How can I find the process id and stop the process that is running on port 8080 on a Mac?
On Ubuntu this works:
ps -aux
and I can find the process and run:
kill -9 pid
ps -aux
didn't seem to work, how can I do this on Mac OS X Lion?
For historical reasons, ps
's options are a tangled and inconsistent mess. On OS X Lion, any of these should work:
ps -ax
ps -e
ps aux # this displays in a different format
I don't have an ubuntu box handy to test, but according to the man page, ps -aux
isn't the right way to do it there either:
Note that "ps -aux" is distinct from "ps aux". The POSIX and UNIX
standards require that "ps -aux" print all processes owned by a user
named "x", as well as printing all processes that would be selected by
the -a option. If the user named "x" does not exist, this ps may
interpret the command as "ps aux" instead and print a warning. This
behavior is intended to aid in transitioning old scripts and habits. It
is fragile, subject to change, and thus should not be relied upon.

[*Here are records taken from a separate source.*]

lemma jac_column_diag_dominant:
  assumes F_small: "\<And>u v. E u v \<Longrightarrow> (SUP t\<in>{-1..1}. \<bar>F u v t\<bar>) < 1/2"
    and x: "x \<in> std_simplex"
  shows "(\<Sum>u\<in>UNIV-{w}. \<bar>jac E F F' x $ u $ w\<bar>) < \<bar>jac E F F' x $ w $ w\<bar>"
proof -
  let ?J = "jac E F F' x" and ?N = "nbhd E w"
  define a where "a u = x$w * x$u * F' w u (x$w - x$u)" for u
  define c where "c u = \<bar>F w u (x$w - x$u)\<bar> + \<bar>F u w (x$u - x$w)\<bar>" for u
  have nonneg: "0 \<le> x$v" for v
    using x by (simp add: std_simplex_def)
  have cross: "x$u * x$w * F' u w (x$u - x$w) = a u" "0 \<le> a u" if "u \<in> ?N" for u
    using cross_term_sym_nonneg[OF x] that by (auto simp: a_def nbhd_def)
  have F_half: "\<bar>F u v t\<bar> < 1/2" if "E u v" "t \<in> {-1..1}" for u v t
  proof -
    have "bdd_above ((\<lambda>t. \<bar>F u v t\<bar>) ` {-1..1})"
      using F_range[OF that(1)] by (intro bdd_aboveI[of _ 1]) force
    then have "\<bar>F u v t\<bar> \<le> (SUP t\<in>{-1..1}. \<bar>F u v t\<bar>)"
      using that(2) by (rule cSUP_upper2) auto
    then show ?thesis
      using F_small[OF that(1)] by linarith
  qed
  have "(\<Sum>u\<in>UNIV-{w}. \<bar>?J$u$w\<bar>) = (\<Sum>u\<in>?N. \<bar>x$u * F u w (x$u - x$w) - a u\<bar>)"
    using E_irrefl cross(1)
    by (intro sum.mono_neutral_cong_right) (auto simp: jac_def nbhd_def algebra_simps dest: E_sym)
  also have "\<dots> \<le> (\<Sum>u\<in>?N. x$u * \<bar>F u w (x$u - x$w)\<bar> + a u)"
    using cross(2) nonneg by (intro sum_mono order_trans[OF abs_triangle_ineq4]) (simp add: abs_mult)
  also have "\<dots> \<le> (\<Sum>u\<in>?N. x$u * c u) + (\<Sum>u\<in>?N. x$u * F w u (x$w - x$u) + a u)"
  proof -
    have "0 \<le> x$u * (F w u (x$w - x$u) + \<bar>F w u (x$w - x$u)\<bar>)" for u
      using nonneg abs_ge_minus_self[of "F w u (x$w - x$u)"] by simp
    then show ?thesis
      unfolding sum.distrib[symmetric] c_def by (intro sum_mono) (simp add: algebra_simps)
  qed
  also have "\<dots> < 1 + (\<Sum>u\<in>?N. x$u * F w u (x$w - x$u) + a u)"
  proof -
    have "c u < 1" if "u \<in> ?N" for u
    proof -
      have "E w u" "E u w"
        using that E_sym by (auto simp: nbhd_def)
      then show ?thesis
        using F_half[of w u "x$w - x$u"] F_half[of u w "x$u - x$w"]
          std_simplex_coord_diff(1)[OF x, of w u] std_simplex_coord_diff(1)[OF x, of u w]
        by (simp add: c_def)
    qed
    then have "(\<Sum>u\<in>?N. x$u * c u) < 1"
      using nonneg std_simplex_sum_le_1[OF x] by (intro sum_mult_lt_1) auto
    then show ?thesis
      by simp
  qed
  also have "\<dots> = ?J$w$w"
    by (simp add: jac_def a_def algebra_simps)
  finally show ?thesis
    by linarith
qed

end

theorem mainTheorem6:
  fixes E :: "'n::finite \<Rightarrow> 'n \<Rightarrow> bool"
    and F F' :: "'n \<Rightarrow> 'n \<Rightarrow> real \<Rightarrow> real"
  assumes E_sym: "\<And>u v. E u v \<Longrightarrow> E v u"
    and E_irrefl: "\<And>u. \<not> E u u"
    and F_sym: "\<And>u v. E u v \<Longrightarrow> F u v = F v u"
    and F_deriv: "\<And>u v t. E u v \<Longrightarrow> (F u v has_real_derivative F' u v t) (at t)"
    and F'_cont: "\<And>u v. E u v \<Longrightarrow> continuous_on UNIV (F' u v)"
    and F_range: "\<And>u v t. E u v \<Longrightarrow> t \<in> {-1..1} \<Longrightarrow> F u v t \<in> {-1..1}"
    and F_zero: "\<And>u v. E u v \<Longrightarrow> F u v 0 = 0"
    and F_incr: "\<And>u v. E u v \<Longrightarrow> mono_on {-1..1} (F u v)"
    and F_odd: "\<And>u v t. E u v \<Longrightarrow> t \<in> {-1..1} \<Longrightarrow> F u v (-t) = - F u v t"
    and F_small: "\<And>u v. E u v \<Longrightarrow> (SUP t\<in>{-1..1}. \<bar>F u v t\<bar>) < 1/2"
  shows "(\<forall>x\<in>std_simplex. invertible (jac E F F' x)) \<and>
         (\<exists>U. open U \<and> std_simplex \<subseteq> U \<and> local_diffeo_on (gmap E F) U)"
proof
  interpret graph_interaction E F F'
    by unfold_locales (fact E_sym E_irrefl F_sym F_deriv F_range F_incr F_odd)+
  show invertible: "\<forall>x\<in>std_simplex. invertible (jac E F F' x)"
    using jac_column_diag_dominant[OF F_small] column_diag_dominant_imp_invertible by blast
  let ?U = "{x. det (jac E F F' x) \<noteq> 0}"
  have "local_diffeo_on (gmap E F) ?U"
    using has_derivative_gmap[OF E_irrefl F_deriv] continuous_on_jac[OF F_deriv F'_cont]
    by (rule local_diffeo_on_nonsingular_jacobian)
  moreover have "std_simplex \<subseteq> ?U"
    using invertible by (auto simp: invertible_det_nz)
  ultimately show "\<exists>U. open U \<and> std_simplex \<subseteq> U \<and> local_diffeo_on (gmap E F) U"
    unfolding local_diffeo_on_def by blast
qed

end
(* Let $\tau$ be a representation of a Lie group $\mathbf{G}\subseteq\mathrm{GL}(D)$ on $\mathbb{K}^N$ ($\mathbb{K}\in\{\mathbb{R},\mathbb{C}\}$) and let $\mathcal{D}_B=\sum_{j=1}^DB_j\partial/\partial x_j+mE$ be covariant with respect to $\tau$, with symbol $\sigma_{\mathcal{D}_B}(p_1,\dots,p_D)=i\sum_{j=1}^DB_jp_j$. (a) If $\mathbf{G}\subseteq\mathrm{O}(D)$, the form of $\sigma_{\mathcal{D}_B}$ does not change under the simultaneous coordinate transformations $x\mapsto gx$ in $\mathbb{R}^D$ and $y\mapsto\tau(g)y$ in $\mathbb{K}^N$; that is, $\sigma_{\mathcal{D}_B}(gp)=\tau(g)\,\sigma_{\mathcal{D}_B}(p)\,\tau(g)^{-1}$ for all $g\in\mathbf{G}$, $p\in\mathbb{R}^D$. (b) If $\mathbf{G}$ is $\mathrm{SO}(D)$ or $\mathrm{O}(D)$, then $\det\sigma_{\mathcal{D}_B}(p_1,\dots,p_D)=C\,(p_1^2+\dots+p_D^2)^n$ for some constant $C\in\mathbb{C}$ and $n\in\mathbb{N}$; moreover, if $N$ is odd then $C=0$ (so elliptic operators covariant with respect to a representation of $\mathrm{SO}(D)$ or $\mathrm{O}(D)$ can exist only if $N$ is even).
   Context: $E$ is the $N\times N$ identity matrix, $m\in\mathbb{R}$, $B_j\in M_{N\times N}(\mathbb{K})$. Covariance of $\mathcal{D}_B$ with respect to $\tau$ means $\sum_{k=1}^D g_{jk}\,\tau(g)B_k\tau(g^{-1})=B_j$ for all $j$ and all $g\in\mathbf{G}$ ($g_{jk}$ the entries of $g$). *)

theory Defs
  imports "HOL-Analysis.Analysis"
begin

definition O_group :: "(real^'d^'d) set" where
  "O_group = {g. orthogonal_matrix g}"

definition SO_group :: "(real^'d^'d) set" where
  "SO_group = {g. rotation_matrix g}"

definition is_matrix_group :: "(real^'d^'d) set \<Rightarrow> bool" where
  "is_matrix_group G \<longleftrightarrow> mat 1 \<in> G \<and> (\<forall>g\<in>G. invertible g \<and> matrix_inv g \<in> G)
     \<and> (\<forall>g\<in>G. \<forall>h\<in>G. g ** h \<in> G)"

definition is_representation ::
  "(real^'d^'d) set \<Rightarrow> (real^'d^'d \<Rightarrow> complex^'n^'n) \<Rightarrow> bool" where
  "is_representation G \<tau> \<longleftrightarrow> is_matrix_group G \<and> \<tau> (mat 1) = mat 1
     \<and> (\<forall>g\<in>G. \<forall>h\<in>G. \<tau> (g ** h) = \<tau> g ** \<tau> h) \<and> continuous_on G \<tau>"

text \<open>Covariance of D_B = sum_j B_j d/dx_j + m E with respect to tau:
  sum_k g_jk tau(g) B_k tau(g^{-1}) = B_j for all j and all g in G.\<close>
definition covariant ::
  "(real^'d^'d) set \<Rightarrow> (real^'d^'d \<Rightarrow> complex^'n^'n) \<Rightarrow> ('d \<Rightarrow> complex^'n^'n) \<Rightarrow> bool" where
  "covariant G \<tau> B \<longleftrightarrow> (\<forall>g\<in>G. \<forall>j.
     (\<chi> a b. \<Sum>k\<in>UNIV. complex_of_real (g $ j $ k) * (\<tau> g ** B k ** \<tau> (matrix_inv g)) $ a $ b) = B j)"

definition symbol :: "('d \<Rightarrow> complex^'n^'n) \<Rightarrow> real^'d \<Rightarrow> complex^'n^'n" where
  "symbol B p = (\<chi> a b. \<i> * (\<Sum>j\<in>UNIV. complex_of_real (p $ j) * B j $ a $ b))"

end

theory Submission
  imports Defs
begin

text \<open>Covariance expresses each \<open>B\<^sub>j\<close> as \<open>\<Sum>\<^sub>k g\<^sub>j\<^sub>k \<tau>(g) B\<^sub>k \<tau>(g)\<^sup>-\<^sup>1\<close>. Substituting this
  into \<open>\<sigma>(gp) = i \<Sum>\<^sub>j (gp)\<^sub>j B\<^sub>j\<close>, the double sum collapses for orthogonal \<open>g\<close> because
  \<open>g\<^sup>T g = 1\<close>, which gives (a). Hence \<open>det \<sigma>\<close> is invariant under \<open>G\<close>, and it is homogeneous of
  degree \<open>N\<close>. Since \<open>O(D)\<close>, and \<open>SO(D)\<close> for \<open>D \<ge> 2\<close>, act transitively on spheres,
  \<open>det \<sigma>(p) = |p|\<^sup>N det \<sigma>(e)\<close> for a fixed unit vector \<open>e\<close>. For odd \<open>N\<close> the
  point reflection \<open>p \<mapsto> -p\<close> then forces \<open>det \<sigma>(e) = -det \<sigma>(e)\<close>, i.e. \<open>det \<sigma> = 0\<close>.\<close>

lemma matrix_inv_mult:
  assumes "invertible A"
  shows "A ** matrix_inv A = mat 1" and "matrix_inv A ** A = mat 1"
  using someI_ex[OF assms[unfolded invertible_def]] unfolding matrix_inv_def by auto

lemma matrix_inv_eq_right_inverse:
  fixes A A' :: "'a::field^'n^'n"
  assumes "A ** A' = mat 1"
  shows "matrix_inv A = A'"
proof -
  have "A' ** A = mat 1"
    using assms matrix_left_right_inverse by blast
  then have "invertible A"
    using assms invertible_def by blast
  have "matrix_inv A = matrix_inv A ** (A ** A')"
    using assms by simp
  also have "\<dots> = A'"
    by (simp add: matrix_mul_assoc matrix_inv_mult \<open>invertible A\<close>)
  finally show ?thesis .
qed

lemma matrix_mul_scaleR_left:
  fixes A :: "'a::real_algebra_1^'n^'m" and B :: "'a^'p^'n"
  shows "(c *\<^sub>R A) ** B = c *\<^sub>R (A ** B)"
  by (simp add: vec_eq_iff matrix_matrix_mult_def scaleR_sum_right)

lemma matrix_mul_scaleR_right:
  fixes A :: "'a::real_algebra_1^'n^'m" and B :: "'a^'p^'n"
  shows "A ** (c *\<^sub>R B) = c *\<^sub>R (A ** B)"
  by (simp add: vec_eq_iff matrix_matrix_mult_def scaleR_sum_right)

lemma matrix_add_rdistrib: "(A + B) ** C = A ** C + B ** C"
  by (vector matrix_matrix_mult_def sum.distrib[symmetric] field_simps)

lemma matrix_mul_sum_scaleR:
  fixes X :: "'a::real_algebra_1^'n^'m" and Y :: "'k \<Rightarrow> 'a^'p^'n" and Z :: "'a^'q^'p"
  assumes "finite K"
  shows "X ** (\<Sum>k\<in>K. c k *\<^sub>R Y k) ** Z = (\<Sum>k\<in>K. c k *\<^sub>R (X ** Y k ** Z))"
  using assms
  by (induction K rule: finite_induct)
    (simp_all add: matrix_add_ldistrib matrix_add_rdistrib matrix_mul_scaleR_left matrix_mul_scaleR_right)

lemma mat_matrix_mult_nth: "(mat c ** A) $ i $ j = c * A $ i $ j"
  by (simp add: matrix_matrix_mult_def mat_def if_distrib[of "\<lambda>x. x * _"] cong: if_cong)

lemma matrix_mat_mult_nth: "(A ** mat c) $ i $ j = A $ i $ j * (c::'a::comm_semiring_1)"
  by (simp add: matrix_matrix_mult_def mat_def if_distrib[of "\<lambda>x. _ * x"] cong: if_cong)

lemma mat_matrix_mult_commute:
  fixes A :: "'a::comm_semiring_1^'n^'m"
  shows "mat c ** A = A ** mat c"
  by (simp add: vec_eq_iff mat_matrix_mult_nth matrix_mat_mult_nth mult.commute)

lemma scaleR_eq_mat_mult:
  fixes A :: "'a::real_algebra_1^'n^'m"
  shows "c *\<^sub>R A = mat (of_real c) ** A"
  by (simp add: vec_eq_iff mat_matrix_mult_nth scaleR_conv_of_real[where 'a = 'a])

lemma det_scaleR:
  fixes A :: "'a::{real_algebra_1,comm_ring_1}^'n^'n"
  shows "det (c *\<^sub>R A) = of_real c ^ CARD('n) * det A"
  by (simp add: scaleR_eq_mat_mult det_mul det_diagonal mat_def)

lemma orthogonal_matrix_sum_reindex:
  fixes g :: "real^'d^'d" and M :: "'d \<Rightarrow> 'v::real_vector"
  assumes "orthogonal_matrix g"
  shows "(\<Sum>j\<in>UNIV. (g *v p) $ j *\<^sub>R (\<Sum>k\<in>UNIV. g $ j $ k *\<^sub>R M k)) = (\<Sum>k\<in>UNIV. p $ k *\<^sub>R M k)"
proof -
  have "(g *v p) v* g = p"
    using assms
    by (simp add: orthogonal_matrix_def flip: transpose_matrix_vector)
      (simp add: matrix_vector_mul_assoc)
  then have coeff: "(\<Sum>j\<in>UNIV. (g *v p) $ j * g $ j $ k) = p $ k" for k
    by (metis (no_types) vector_matrix_mult_def vec_lambda_beta)
  have "(\<Sum>j\<in>UNIV. (g *v p) $ j *\<^sub>R (\<Sum>k\<in>UNIV. g $ j $ k *\<^sub>R M k))
      = (\<Sum>j\<in>UNIV. \<Sum>k\<in>UNIV. ((g *v p) $ j * g $ j $ k) *\<^sub>R M k)"
    by (simp add: scaleR_sum_right)
  also have "\<dots> = (\<Sum>k\<in>UNIV. \<Sum>j\<in>UNIV. ((g *v p) $ j * g $ j $ k) *\<^sub>R M k)"
    by (rule sum.swap)
  also have "\<dots> = (\<Sum>k\<in>UNIV. p $ k *\<^sub>R M k)"
    by (simp add: coeff flip: scaleR_sum_left)
  finally show ?thesis .
qed
lemma radial_map_has_derivative: "(radial_map g has_derivative radial_deriv g g' v) (at v)"
proof (cases "v = 0")
  case True
  have "(radial_map g has_derivative (\<lambda>h. h)) (at v)"
    by (rule has_derivative_transform_within_open[OF has_derivative_ident, where s="ball 0 a"])
       (use True a_pos in \<open>auto simp: radial_map_near_0\<close>)
  then show ?thesis using True by (simp add: radial_deriv_def[abs_def])
next
  case False
  have "(radial_map g has_derivative (\<lambda>h. (g (norm v) / norm v) *\<^sub>R h +
      ((h \<bullet> sgn v * g' (norm v) * norm v - g (norm v) * (h \<bullet> sgn v)) / (norm v * norm v)) *\<^sub>R v)) (at v)"
    unfolding radial_map_def[abs_def] using False
    by (intro has_derivative_scaleR has_derivative_divide' DERIV_compose_FDERIV[OF has_deriv]
        has_derivative_norm has_derivative_ident) auto
  then show ?thesis
    by (rule has_derivative_eq_rhs)
       (use False in \<open>auto simp: fun_eq_iff radial_deriv_def sgn_div_norm field_simps scaleR_scaleR\<close>)
qed

lemma isCont_radial_deriv: "isCont (\<lambda>v. radial_deriv g g' v h) v"
proof (cases "v = 0")
  case True
  have "\<forall>\<^sub>F w in nhds v. radial_deriv g g' w h = h"
    using eventually_nhds_in_open[of "ball 0 a" v] True a_pos
    by (auto elim!: eventually_mono simp: radial_deriv_def deriv_near_0 identity_near_0)
  then show ?thesis by (simp add: isCont_cong)
next
  case False
  have "\<forall>\<^sub>F w in nhds v. radial_deriv g g' w h =
      (g (norm w) / norm w) *\<^sub>R h + ((g' (norm w) - g (norm w) / norm w) * (h \<bullet> sgn w)) *\<^sub>R sgn w"
    by (rule eventually_mono[OF t1_space_nhds[OF False]]) (simp add: radial_deriv_def)
  moreover have "isCont g s" "isCont g' s" for s
    using DERIV_isCont[OF has_deriv] deriv_continuous by (auto simp: continuous_on_eq_continuous_at)
  then have "isCont (\<lambda>w. g (norm w)) v" "isCont (\<lambda>w. g' (norm w)) v"
    by (auto intro: isCont_o2[OF continuous_norm[OF continuous_ident]])
  ultimately show ?thesis using False
    by (subst isCont_cong) (auto intro!: continuous_intros)
qed
(* Consider the scalar system $x_{t+1}=a x_t+w_t$ with $|a|<1$ and $x_0=0$, where the noise $w_t$ is i.i.d. over time with $|w_t|\le\bar w$, zero mean and variance $\sigma_w^2$, and let $\{x_t\}_{t=1}^T$ be the resulting trajectory. Then $$\mathbb{E}\left[\left(\sum_{t=1}^T\left(x_t^2-\mathbb{E}[x_t^2]\right)\right)^2\right]\le\frac{\bar w^4(1+a^2)}{(1-|a|)^4(1-a^2)}\,T.$$ *)

theory Defs
  imports "HOL-Probability.Probability"
begin

fun traj :: "real \<Rightarrow> (nat \<Rightarrow> 'a \<Rightarrow> real) \<Rightarrow> nat \<Rightarrow> 'a \<Rightarrow> real" where
  "traj a w 0 \<omega> = 0"
| "traj a w (Suc t) \<omega> = a * traj a w t \<omega> + w t \<omega>"

end

theory Submission
  imports Defs
begin

(*
  With D_t = 2 a x_t w_t + w_t^2 - sigma^2 one has x_{t+1}^2 = a^2 x_t^2 + D_t + sigma^2, so
  x_t^2 - E x_t^2 is the geometric convolution of the D_r, and the centred sum over t = 1..T
  equals sum_{r<T} h_r D_r with weights h_r = sum_{k<T-r} a^(2k) <= 1/(1 - a^2).
  Since x_r depends only on w_0, ..., w_{r-1}, independence and E w_r = 0, E w_r^2 = sigma^2
  make the D_r martingale differences, hence orthogonal, and the second moment is
  sum_r E (h_r D_r)^2.  Finally |x_t| <= wbar/(1 - |a|) gives |h_r D_r| <= wbar^2/(1 - |a|)^2,
  which bounds that sum by T wbar^4/(1 - |a|)^4; this implies the stated bound since
  (1 + a^2)/(1 - a^2) >= 1.
*)

definition innovation :: "real \<Rightarrow> real \<Rightarrow> (nat \<Rightarrow> 'a \<Rightarrow> real) \<Rightarrow> nat \<Rightarrow> 'a \<Rightarrow> real" where
  "innovation a c w t \<omega> = 2 * a * traj a w t \<omega> * w t \<omega> + (w t \<omega>)\<^sup>2 - c"

lemma traj_Suc_sq: "(traj a w (Suc t) \<omega>)\<^sup>2 = a\<^sup>2 * (traj a w t \<omega>)\<^sup>2 + innovation a c w t \<omega> + c"
  by (simp add: innovation_def power2_eq_square algebra_simps)

lemma traj_sq_eq_sum_innovation:
  "(traj a w (Suc t) \<omega>)\<^sup>2 = (\<Sum>r\<le>t. (a\<^sup>2) ^ (t - r) * (innovation a c w r \<omega> + c))"
proof (induction t)
  case 0
  show ?case by (simp add: innovation_def)
next
  case (Suc t)
  have "(\<Sum>r\<le>Suc t. (a\<^sup>2) ^ (Suc t - r) * (innovation a c w r \<omega> + c))
      = a\<^sup>2 * (\<Sum>r\<le>t. (a\<^sup>2) ^ (t - r) * (innovation a c w r \<omega> + c)) + innovation a c w (Suc t) \<omega> + c"
    by (simp add: sum_distrib_left Suc_diff_le mult.assoc)
  then show ?case
    using Suc.IH traj_Suc_sq[of a w "Suc t" \<omega> c] by simp
qed

lemma sum_geometric_convolution:
  fixes q :: "'b :: comm_semiring_1"
  shows "(\<Sum>t<T. \<Sum>r\<le>t. q ^ (t - r) * g r) = (\<Sum>r<T. (\<Sum>k<T - r. q ^ k) * g r)"
proof (induction T)
  case 0
  show ?case by simp
next
  case (Suc T)
  have "(\<Sum>r<Suc T. (\<Sum>k<Suc T - r. q ^ k) * g r)
      = (\<Sum>r<T. (\<Sum>k<T - r. q ^ k) * g r) + (\<Sum>r\<le>T. q ^ (T - r) * g r)"
    by (simp add: Suc_diff_le sum.distrib distrib_right lessThan_Suc_atMost[symmetric])
  with Suc.IH show ?case by simp
qed

lemma sum_power_le_inverse:
  fixes x :: real
  assumes "0 \<le> x" and "x < 1"
  shows "(\<Sum>k<n. x ^ k) \<le> 1 / (1 - x)"
proof -
  have "(\<Sum>k<n. x ^ k) = (1 - x ^ n) / (1 - x)"
    using assms by (simp add: sum_gp_strict)
  also have "\<dots> \<le> 1 / (1 - x)"
    using assms by (intro divide_right_mono) auto
  finally show ?thesis .
qed

lemma abs_traj_le:
  assumes a: "\<bar>a\<bar> < 1" and W: "\<And>s. \<bar>w s \<omega>\<bar> \<le> W"
  shows "\<bar>traj a w t \<omega>\<bar> \<le> W / (1 - \<bar>a\<bar>)"
proof (induction t)
  case 0
  have "0 \<le> W" using W[of 0] by linarith
  with a show ?case by simp
next
  case (Suc t)
  have "\<bar>traj a w (Suc t) \<omega>\<bar> \<le> \<bar>a\<bar> * \<bar>traj a w t \<omega>\<bar> + \<bar>w t \<omega>\<bar>"
    by (simp add: abs_mult[symmetric] abs_triangle_ineq)
  also have "\<dots> \<le> \<bar>a\<bar> * (W / (1 - \<bar>a\<bar>)) + W"
    using Suc.IH W[of t] by (intro add_mono mult_left_mono) auto
  also have "\<dots> = W / (1 - \<bar>a\<bar>)"
    using a by (simp add: field_simps)
  finally show ?case .
qed

lemma abs_innovation_le:
  assumes a: "\<bar>a\<bar> < 1" and W: "\<And>s. \<bar>w s \<omega>\<bar> \<le> W" and c: "0 \<le> c" "c \<le> W\<^sup>2"
  shows "\<bar>innovation a c w t \<omega>\<bar> \<le> W\<^sup>2 * (1 + \<bar>a\<bar>) / (1 - \<bar>a\<bar>)"
proof -
  have W0: "0 \<le> W" using W[of 0] by linarith
  have "\<bar>2 * a * traj a w t \<omega> * w t \<omega>\<bar> \<le> 2 * \<bar>a\<bar> * (W / (1 - \<bar>a\<bar>)) * W"
    unfolding abs_mult using a abs_traj_le[of a w \<omega> W, OF a W] W[of t] W0
    by (intro mult_mono) auto
  moreover have "\<bar>(w t \<omega>)\<^sup>2 - c\<bar> \<le> W\<^sup>2"
  proof -
    have "(w t \<omega>)\<^sup>2 \<le> W\<^sup>2"
      using W[of t] W0 abs_le_square_iff[of "w t \<omega>" W] by simp
    with c zero_le_power2[of "w t \<omega>"] show ?thesis
      unfolding abs_le_iff by linarith
  qed
  ultimately have "\<bar>innovation a c w t \<omega>\<bar> \<le> 2 * \<bar>a\<bar> * (W / (1 - \<bar>a\<bar>)) * W + W\<^sup>2"
    unfolding innovation_def by linarith
  also have "\<dots> = W\<^sup>2 * (1 + \<bar>a\<bar>) / (1 - \<bar>a\<bar>)"
    using a by (simp add: field_simps power2_eq_square)
  finally show ?thesis .
qed

lemma abs_weighted_innovation_le:
  assumes a: "\<bar>a\<bar> < 1" and W: "\<And>s. \<bar>w s \<omega>\<bar> \<le> W" and c: "0 \<le> c" "c \<le> W\<^sup>2"
  shows "\<bar>(\<Sum>k<n. (a\<^sup>2) ^ k) * innovation a c w t \<omega>\<bar> \<le> (W / (1 - \<bar>a\<bar>))\<^sup>2"
proof -
  have a2: "0 \<le> a\<^sup>2" "a\<^sup>2 < 1"
    using a by (auto simp: abs_square_less_1)
  have "\<bar>(\<Sum>k<n. (a\<^sup>2) ^ k) * innovation a c w t \<omega>\<bar>
      \<le> 1 / (1 - a\<^sup>2) * (W\<^sup>2 * (1 + \<bar>a\<bar>) / (1 - \<bar>a\<bar>))"
    unfolding abs_mult using a2 sum_power_le_inverse[OF a2] abs_innovation_le[of a w \<omega> W, OF a W c]
    by (intro mult_mono) (auto simp: sum_nonneg)
  also have "\<dots> = (W / (1 - \<bar>a\<bar>))\<^sup>2"
  proof -
    have "1 / ((1 - b) * (1 + b)) * (W\<^sup>2 * (1 + b) / (1 - b)) = (W / (1 - b))\<^sup>2"
      if "0 \<le> b" "b < 1" for b :: real
      using that by (simp add: power_divide power2_eq_square)
    moreover have "1 - a\<^sup>2 = (1 - \<bar>a\<bar>) * (1 + \<bar>a\<bar>)"
      by (simp add: algebra_simps power2_eq_square)
    ultimately show ?thesis
      using a by simp
  qed
  finally show ?thesis .
qed

lemma traj_measurable:
  "(\<And>s. s < t \<Longrightarrow> w s \<in> borel_measurable N) \<Longrightarrow> traj a w t \<in> borel_measurable N"
proof (induction t)
  case 0
  have "traj a w 0 = (\<lambda>_. 0)" by (simp add: fun_eq_iff)
  then show ?case by simp
next
  case (Suc t)
  have "traj a w (Suc t) = (\<lambda>\<omega>. a * traj a w t \<omega> + w t \<omega>)" by (simp add: fun_eq_iff)
  with Suc show ?case by simp
qed

lemma innovation_measurable:
  "(\<And>s. s \<le> t \<Longrightarrow> w s \<in> borel_measurable N) \<Longrightarrow> innovation a c w t \<in> borel_measurable N"
  unfolding innovation_def[abs_def]
  using traj_measurable[of t w N a] by measurable auto

(* Running the recursion on the coordinate projections exhibits x_t as a function of the
   history (w_0, ..., w_{r-1}), which is what independence is applied to. *)
lemma traj_restrict:
  "t \<le> r \<Longrightarrow> traj a w t \<omega> = traj a (\<lambda>i g. g i) t (\<lambda>i\<in>{..<r}. w i \<omega>)"
  by (induction t) auto

lemma innovation_restrict:
  "t < r \<Longrightarrow> innovation a c w t \<omega> = innovation a c (\<lambda>i g. g i) t (\<lambda>i\<in>{..<r}. w i \<omega>)"
  by (simp add: innovation_def traj_restrict)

If you wish to find and kill all processes which conform to a string, you can also use the following on a Mac OSX:
ps aux | grep <string> | awk '{print $1}' | <sudo> xargs kill -9
Basically what this will do is that it will find (grep) all the processes currently running on your system matching the , AWK gets the PID, which in the PS command is the second column and the last one takes the arguments from AWK and kills the processes.
Use SUDO, only if the current user does not have some rights to kill a process and if you have SUDO access on your system.
I believe ps -ef
on Mac is nearly equivalent to ps -aux
on linux.
To get what PID has port 8080 in use: lsof -P | grep 8080
The fields map out to:
[mini-nevie:~] nevinwilliams% lsof -P | head -1
COMMAND PID USER FD TYPE DEVICE SIZE/OFF NODE NAME
I started up ttcp -rs
which listens on port 5001.
mini-nevie:~] nevinwilliams% lsof -P | grep 5001
ttcp 27999 nevinwilliams 3u IPv4 0xb70c1f66028d6961 0t0 TCP *:5001 (LISTEN)
and indeed, PID 27999 corresponds to the PID of the ttcp
process I launched.
ps aux
(without the dash) on OS X. ps -ef
includes different columns and uses a different format.
To stay up to date, for macOS:
ps -e | grep python | awk '{print "sudo kill -9", $1}' | sh
For Linux:
ps -ax | grep python | awk '{print "sudo kill -9", $1}' | sh
kill -9 pid
until after you've tried justkill pid
. Many processes will have signal handlers which will clean up their use of resources, cleanly close connections and other pre-shutdown tasks. If you kill with -9, the process dies immediately without doing the cleanup. Killing without -9 will work most of the time.